Que fácil y sencillo sería todo sin tantas mentiras. Si algo te gusta dilo. Si no te gusta dilo. Si alguien te molesta dilo. Si alguien te cae mal, dilo. Pero sobre todo no mientas. No prometas lo que no vas a cumplir. Y si tienes un problema con alguien háblalo. No lo ocultes. No lances mensajes al aire, no lo ocultes a la persona a la que más afecta ni pretendas que tus mensajes subliminales lleguen a su destino. Pueden llegar distorsionados. Pueden llegar a personas equivocadas, pueden no llegar o herir a quien no deben.

Hubo una vez, hace muchos muchos años, cuando apenas había dejado la escuela, alguien dejó de hablarme. Cambió su actitud hacia mi. De ser uña y carne a no querer saber de mi. Era mi compañera de trabajo. Mesa con mesa, codo con codo, día tras día. “¿Que te pasa conmigo?” fue mi pregunta directa. Sincera, desde el desconocimiento. “No me pasa nada”, fueron sus primeras mentiras en forma de respuesta. Pasaron semanas, o quizás sólo días que a mi me parecieron eternos.

“¿Que te pasa conmigo?” Volví a preguntar. “Si tu no lo sabes, yo no te lo voy a decir.
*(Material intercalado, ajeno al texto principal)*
(* Let $(\Omega,D)$ be a chromology and let $X:\mathbf{Seg}(\Omega)\to\mathbf{Icm}$ be a $\mathcal{W}^{\mathrm{mon}}$-pedigrad for $(\Omega,D)$. Let $f:Y\Rightarrow X$ be a morphism in the functor category $[\mathbf{Seg}(\Omega),\mathbf{Icm}]$, let $u_1,u_2:R\Rightarrow Y$ be the pullback of $f$ along itself, and let $q:Y\Rightarrow Y_X$ be the coequalizer of $(u_1,u_2)$ in $[\mathbf{Seg}(\Omega),\mathbf{Icm}]$. Then $Y_X$ is a $\mathcal{W}^{\mathrm{mon}}$-pedigrad for $(\Omega,D)$.
   Context: For $n\ge1$, $[n]=\{1,\dots,n\}$ ordered as usual, $[0]=\emptyset$. For a pre-ordered set $(\Omega,\preceq)$, a segment is a pair $(t,c)$ with $t:[n_1]\to[n_0]$ an order-preserving surjection and $c:[n_0]\to\Omega$; its domain is $[n_1]$. A morphism $(t,c)\to(t',c')$ is a pair $(f_1,f_0)$, $f_1:[n_1]\to[n_1']$ an order-preserving injection, $f_0:[n_0]\to[n_0']$ order-preserving, with $t'f_1=f_0t$ and $c'(f_0(i))\preceq c(i)$ for all $i$; this gives the category $\mathbf{Seg}(\Omega)$. $\mathbf{Seg}(\Omega\,|\,n)$ is the subcategory of segments of domain $[n]$ and morphisms with $f_1=\mathrm{id}$. A chromology $(\Omega,D)$ is a pre-ordered set $\Omega$ equipped, for each $n\ge0$, with a set $D[n]$ of cones in $\mathbf{Seg}(\Omega\,|\,n)$ (a cone being a small category $A$, a functor $\theta:A\to\mathbf{Seg}(\Omega\,|\,n)$, an object $\tau$ and a natural transformation from the constant functor at $\tau$ to $\theta$). $\mathbf{Icm}$ is the category of idempotent commutative monoids and monoid morphisms. $\mathcal{W}^{\mathrm{mon}}$ is the class of wide spans in $\mathbf{Icm}$, i.e. cones $\{Z\to F_i\}_{i\in[k]}$ indexed by a finite discrete category, whose induced map $Z\to\prod_{i\in[k]}F_i$ is a monomorphism in $\mathbf{Icm}$. A $\mathcal{W}^{\mathrm{mon}}$-pedigrad for $(\Omega,D)$ is a functor $\mathbf{Seg}(\Omega)\to\mathbf{Icm}$ sending, for every $n\ge0$, each cone in $D[n]$ to a cone belonging to $\mathcal{W}^{\mathrm{mon}}$. Pullbacks and coequalizers in $[\mathbf{Seg}(\Omega),\mathbf{Icm}]$ are computed objectwise. *)

theory Defs
  imports "HOL-Algebra.Group" "HOL-Library.FuncSet"
begin

definition icm :: "'a monoid \<Rightarrow> bool" where
  "icm M \<longleftrightarrow> comm_monoid M \<and> (\<forall>x\<in>carrier M. x \<otimes>\<^bsub>M\<^esub> x = x)"

definition icm_hom :: "'a monoid \<Rightarrow> 'b monoid \<Rightarrow> ('a \<Rightarrow> 'b) \<Rightarrow> bool" where
  "icm_hom M N h \<longleftrightarrow> h \<in> carrier M \<rightarrow> carrier N
     \<and> (\<forall>x\<in>carrier M. \<forall>y\<in>carrier M. h (x \<otimes>\<^bsub>M\<^esub> y) = h x \<otimes>\<^bsub>N\<^esub> h y)
     \<and> h \<one>\<^bsub>M\<^esub> = \<one>\<^bsub>N\<^esub>"

text \<open>Test objects are taken with
  carriers in the element type of the source (this already detects every failure of
  left cancellability, since a non-injective morphism is detected by a two-element
  submonoid of the source).\<close>
definition icm_mono :: "'a monoid \<Rightarrow> 'b monoid \<Rightarrow> ('a \<Rightarrow> 'b) \<Rightarrow> bool" where
  "icm_mono Z P h \<longleftrightarrow> icm_hom Z P h \<and>
     (\<forall>(W::'a monoid) g k. icm W \<longrightarrow> icm_hom W Z g \<longrightarrow> icm_hom W Z k \<longrightarrow>
        (\<forall>w\<in>carrier W. h (g w) = h (k w)) \<longrightarrow> (\<forall>w\<in>carrier W. g w = k w))"

definition prod_icm :: "'i set \<Rightarrow> ('i \<Rightarrow> 'a monoid) \<Rightarrow> ('i \<Rightarrow> 'a) monoid" where
  "prod_icm I F = \<lparr>carrier = (\<Pi>\<^sub>E i\<in>I. carrier (F i)),
                   mult = (\<lambda>x y. \<lambda>i\<in>I. x i \<otimes>\<^bsub>F i\<^esub> y i),
                   one = (\<lambda>i\<in>I. \<one>\<^bsub>F i\<^esub>)\<rparr>"

text \<open>A segment (t,c) with t:[n1]->[n0], c:[n0]->Omega. Functions are stored
  extensionally: t is 0 outside [n1], c is undefined outside [n0].\<close>
datatype 'o seg = Seg (seg_n1: nat) (seg_n0: nat) (seg_t: "nat \<Rightarrow> nat") (seg_c: "nat \<Rightarrow> 'o")

definition is_seg :: "'o set \<Rightarrow> 'o seg \<Rightarrow> bool" where
  "is_seg Om s \<longleftrightarrow>
     seg_t s \<in> {1..seg_n1 s} \<rightarrow> {1..seg_n0 s}
   \<and> (\<forall>i j. 1 \<le> i \<and> i \<le> j \<and> j \<le> seg_n1 s \<longrightarrow> seg_t s i \<le> seg_t s j)
   \<and> seg_t s ` {1..seg_n1 s} = {1..seg_n0 s}
   \<and> seg_c s \<in> {1..seg_n0 s} \<rightarrow> Om
   \<and> (\<forall>i. i \<notin> {1..seg_n1 s} \<longrightarrow> seg_t s i = 0)
   \<and> (\<forall>j. j \<notin> {1..seg_n0 s} \<longrightarrow> seg_c s j = undefined)"

datatype 'o segmor = SegMor (msrc: "'o seg") (mtgt: "'o seg") (mf1: "nat \<Rightarrow> nat") (mf0: "nat \<Rightarrow> nat")

definition is_segmor :: "'o set \<Rightarrow> ('o \<Rightarrow> 'o \<Rightarrow> bool) \<Rightarrow> 'o segmor \<Rightarrow> bool" where
  "is_segmor Om pre m \<longleftrightarrow>
     is_seg Om (msrc m) \<and> is_seg Om (mtgt m)
   \<and> mf1 m \<in> {1..seg_n1 (msrc m)} \<rightarrow> {1..seg_n1 (mtgt m)}
   \<and> (\<forall>i j. 1 \<le> i \<and> i < j \<and> j \<le> seg_n1 (msrc m) \<longrightarrow> mf1 m i < mf1 m j)
   \<and> mf0 m \<in> {1..seg_n0 (msrc m)} \<rightarrow> {1..seg_n0 (mtgt m)}
   \<and> (\<forall>i j. 1 \<le> i \<and> i \<le> j \<and> j \<le> seg_n0 (msrc m) \<longrightarrow> mf0 m i \<le> mf0 m j)
   \<and> (\<forall>i\<in>{1..seg_n1 (msrc m)}. seg_t (mtgt m) (mf1 m i) = mf0 m (seg_t (msrc m) i))
   \<and> (\<forall>i\<in>{1..seg_n0 (msrc m)}. pre (seg_c (mtgt m) (mf0 m i)) (seg_c (msrc m) i))
   \<and> (\<forall>i. i \<notin> {1..seg_n1 (msrc m)} \<longrightarrow> mf1 m i = 0)
   \<and> (\<forall>i. i \<notin> {1..seg_n0 (msrc m)} \<longrightarrow> mf0 m i = 0)"

definition seg_id :: "'o seg \<Rightarrow> 'o segmor" where
  "seg_id s = SegMor s s (\<lambda>i. if i \<in> {1..seg_n1 s} then i else 0)
                         (\<lambda>i. if i \<in> {1..seg_n0 s} then i else 0)"

definition seg_comp :: "'o segmor \<Rightarrow> 'o segmor \<Rightarrow> 'o segmor" where
  "seg_comp m' m = SegMor (msrc m) (mtgt m')
     (\<lambda>i. if i \<in> {1..seg_n1 (msrc m)} then mf1 m' (mf1 m i) else 0)
     (\<lambda>i. if i \<in> {1..seg_n0 (msrc m)} then mf0 m' (mf0 m i) else 0)"

definition is_seg_n :: "'o set \<Rightarrow> nat \<Rightarrow> 'o seg \<Rightarrow> bool" where
  "is_seg_n Om n s \<longleftrightarrow> is_seg Om s \<and> seg_n1 s = n"

definition is_segmor_n :: "'o set \<Rightarrow> ('o \<Rightarrow> 'o \<Rightarrow> bool) \<Rightarrow> nat \<Rightarrow> 'o segmor \<Rightarrow> bool" where
  "is_segmor_n Om pre n m \<longleftrightarrow> is_segmor Om pre m \<and> seg_n1 (msrc m) = n \<and> seg_n1 (mtgt m) = n
     \<and> mf1 m = (\<lambda>i. if i \<in> {1..n} then i else 0)"

definition icm_functor :: "'o set \<Rightarrow> ('o \<Rightarrow> 'o \<Rightarrow> bool) \<Rightarrow> ('o seg \<Rightarrow> 'x monoid)
     \<Rightarrow> ('o segmor \<Rightarrow> 'x \<Rightarrow> 'x) \<Rightarrow> bool" where
  "icm_functor Om pre Fo Fm \<longleftrightarrow>
     (\<forall>s. is_seg Om s \<longrightarrow> icm (Fo s))
   \<and> (\<forall>m. is_segmor Om pre m \<longrightarrow> icm_hom (Fo (msrc m)) (Fo (mtgt m)) (Fm m))
   \<and> (\<forall>s. is_seg Om s \<longrightarrow> (\<forall>x\<in>carrier (Fo s). Fm (seg_id s) x = x))
   \<and> (\<forall>m m'. is_segmor Om pre m \<longrightarrow> is_segmor Om pre m' \<longrightarrow> mtgt m = msrc m' \<longrightarrow>
        (\<forall>x\<in>carrier (Fo (msrc m)). Fm (seg_comp m' m) x = Fm m' (Fm m x)))"

definition icm_nat_trans :: "'o set \<Rightarrow> ('o \<Rightarrow> 'o \<Rightarrow> bool)
     \<Rightarrow> ('o seg \<Rightarrow> 'y monoid) \<Rightarrow> ('o segmor \<Rightarrow> 'y \<Rightarrow> 'y)
     \<Rightarrow> ('o seg \<Rightarrow> 'x monoid) \<Rightarrow> ('o segmor \<Rightarrow> 'x \<Rightarrow> 'x)
     \<Rightarrow> ('o seg \<Rightarrow> 'y \<Rightarrow> 'x) \<Rightarrow> bool" where
  "icm_nat_trans Om pre Yo Ym Xo Xm \<alpha> \<longleftrightarrow>
     icm_functor Om pre Yo Ym \<and> icm_functor Om pre Xo Xm
   \<and> (\<forall>s. is_seg Om s \<longrightarrow> icm_hom (Yo s) (Xo s) (\<alpha> s))
   \<and> (\<forall>m. is_segmor Om pre m \<longrightarrow>
        (\<forall>y\<in>carrier (Yo (msrc m)). \<alpha> (mtgt m) (Ym m y) = Xm m (\<alpha> (msrc m) y)))"

text \<open>A cone: a small category A (objects cobj, hom-sets chom, composition ccomp g f
  = g after f, identities cid), a functor theta = (ctheta_ob, ctheta_mor) from A to
  Seg(Omega|n), an apex tau and legs tau -> theta(a) forming a natural transformation.\<close>
record ('i, 'h, 'o) segcone =
  cobj :: "'i set"
  chom :: "'i \<Rightarrow> 'i \<Rightarrow> 'h set"
  ccomp :: "'h \<Rightarrow> 'h \<Rightarrow> 'h"
  cid :: "'i \<Rightarrow> 'h"
  ctheta_ob :: "'i \<Rightarrow> 'o seg"
  ctheta_mor :: "'h \<Rightarrow> 'o segmor"
  capex :: "'o seg"
  cleg :: "'i \<Rightarrow> 'o segmor"

definition small_cat :: "('i, 'h, 'o) segcone \<Rightarrow> bool" where
  "small_cat C \<longleftrightarrow>
     (\<forall>a\<in>cobj C. cid C a \<in> chom C a a)
   \<and> (\<forall>a\<in>cobj C. \<forall>b\<in>cobj C. \<forall>c\<in>cobj C. \<forall>f\<in>chom C a b. \<forall>g\<in>chom C b c.
        ccomp C g f \<in> chom C a c)
   \<and> (\<forall>a\<in>cobj C. \<forall>b\<in>cobj C. \<forall>f\<in>chom C a b.
        ccomp C (cid C b) f = f \<and> ccomp C f (cid C a) = f)
   \<and> (\<forall>a\<in>cobj C. \<forall>b\<in>cobj C. \<forall>c\<in>cobj C. \<forall>d\<in>cobj C.
        \<forall>f\<in>chom C a b. \<forall>g\<in>chom C b c. \<forall>h\<in>chom C c d.
        ccomp C h (ccomp C g f) = ccomp C (ccomp C h g) f)"

definition is_seg_cone :: "'o set \<Rightarrow> ('o \<Rightarrow> 'o \<Rightarrow> bool) \<Rightarrow> nat \<Rightarrow> ('i, 'h, 'o) segcone \<Rightarrow> bool" where
  "is_seg_cone Om pre n C \<longleftrightarrow>
     small_cat C
   \<and> (\<forall>a\<in>cobj C. is_seg_n Om n (ctheta_ob C a))
   \<and> (\<forall>a\<in>cobj C. \<forall>b\<in>cobj C. \<forall>f\<in>chom C a b.
        is_segmor_n Om pre n (ctheta_mor C f)
      \<and> msrc (ctheta_mor C f) = ctheta_ob C a \<and> mtgt (ctheta_mor C f) = ctheta_ob C b)
   \<and> (\<forall>a\<in>cobj C. ctheta_mor C (cid C a) = seg_id (ctheta_ob C a))
   \<and> (\<forall>a\<in>cobj C. \<forall>b\<in>cobj C. \<forall>c\<in>cobj C. \<forall>f\<in>chom C a b. \<forall>g\<in>chom C b c.
        ctheta_mor C (ccomp C g f) = seg_comp (ctheta_mor C g) (ctheta_mor C f))
   \<and> is_seg_n Om n (capex C)
   \<and> (\<forall>a\<in>cobj C. is_segmor_n Om pre n (cleg C a)
        \<and> msrc (cleg C a) = capex C \<and> mtgt (cleg C a) = ctheta_ob C a)
   \<and> (\<forall>a\<in>cobj C. \<forall>b\<in>cobj C. \<forall>f\<in>chom C a b.
        seg_comp (ctheta_mor C f) (cleg C a) = cleg C b)"

definition chromology :: "'o set \<Rightarrow> ('o \<Rightarrow> 'o \<Rightarrow> bool) \<Rightarrow> (nat \<Rightarrow> ('i, 'h, 'o) segcone set) \<Rightarrow> bool" where
  "chromology Om pre D \<longleftrightarrow>
     (\<forall>x\<in>Om. pre x x)
   \<and> (\<forall>x\<in>Om. \<forall>y\<in>Om. \<forall>z\<in>Om. pre x y \<longrightarrow> pre y z \<longrightarrow> pre x z)
   \<and> (\<forall>n. \<forall>C\<in>D n. is_seg_cone Om pre n C)"

definition in_Wmon :: "('i, 'h, 'o) segcone \<Rightarrow> 'x monoid \<Rightarrow> ('i \<Rightarrow> 'x monoid)
     \<Rightarrow> ('i \<Rightarrow> 'x \<Rightarrow> 'x) \<Rightarrow> bool" where
  "in_Wmon C Z F l \<longleftrightarrow>
     finite (cobj C)
   \<and> (\<forall>a\<in>cobj C. \<forall>b\<in>cobj C. chom C a b = (if a = b then {cid C a} else {}))
   \<and> icm_mono Z (prod_icm (cobj C) F) (\<lambda>z. \<lambda>a\<in>cobj C. l a z)"

definition pedigrad :: "'o set \<Rightarrow> ('o \<Rightarrow> 'o \<Rightarrow> bool) \<Rightarrow> (nat \<Rightarrow> ('i, 'h, 'o) segcone set)
     \<Rightarrow> ('o seg \<Rightarrow> 'x monoid) \<Rightarrow> ('o segmor \<Rightarrow> 'x \<Rightarrow> 'x) \<Rightarrow> bool" where
  "pedigrad Om pre D Xo Xm \<longleftrightarrow>
     icm_functor Om pre Xo Xm
   \<and> (\<forall>n. \<forall>C\<in>D n. in_Wmon C (Xo (capex C)) (\<lambda>a. Xo (ctheta_ob C a))
                       (\<lambda>a. Xm (cleg C a)))"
Tu sabes lo que has hecho”. Os juro que hoy, más de 25 años después, esas palabras siguen sonando como si me las estuvieran diciendo ahora mismo. Y hoy, más de 25 años después, sigo sin saber qué sucedió. Así son las cosas, así somos.

¿Por qué no hablamos? ¿Por qué no decimos lo que sentimos y damos la oportunidad de dialogar, pedir perdón, hacer entender los motivos o, sencillamente, cerrar una historia? Una amistad, un amor, un algo. Las cosas se cierran hablando, no mintiendo, no con falsas palabras de cortesía ni mensajes al aire. Las cosas se cierran. Si no las heridas quedan abiertas de por vida, como esa fractura mal curada y que siempre sigue doliendo de vez en cuando.

¿Por qué no hablamos y, cuando lo hacemos, decimos la verdad? Digo yo. Creo que es que en el fondo sigo siendo un iluso.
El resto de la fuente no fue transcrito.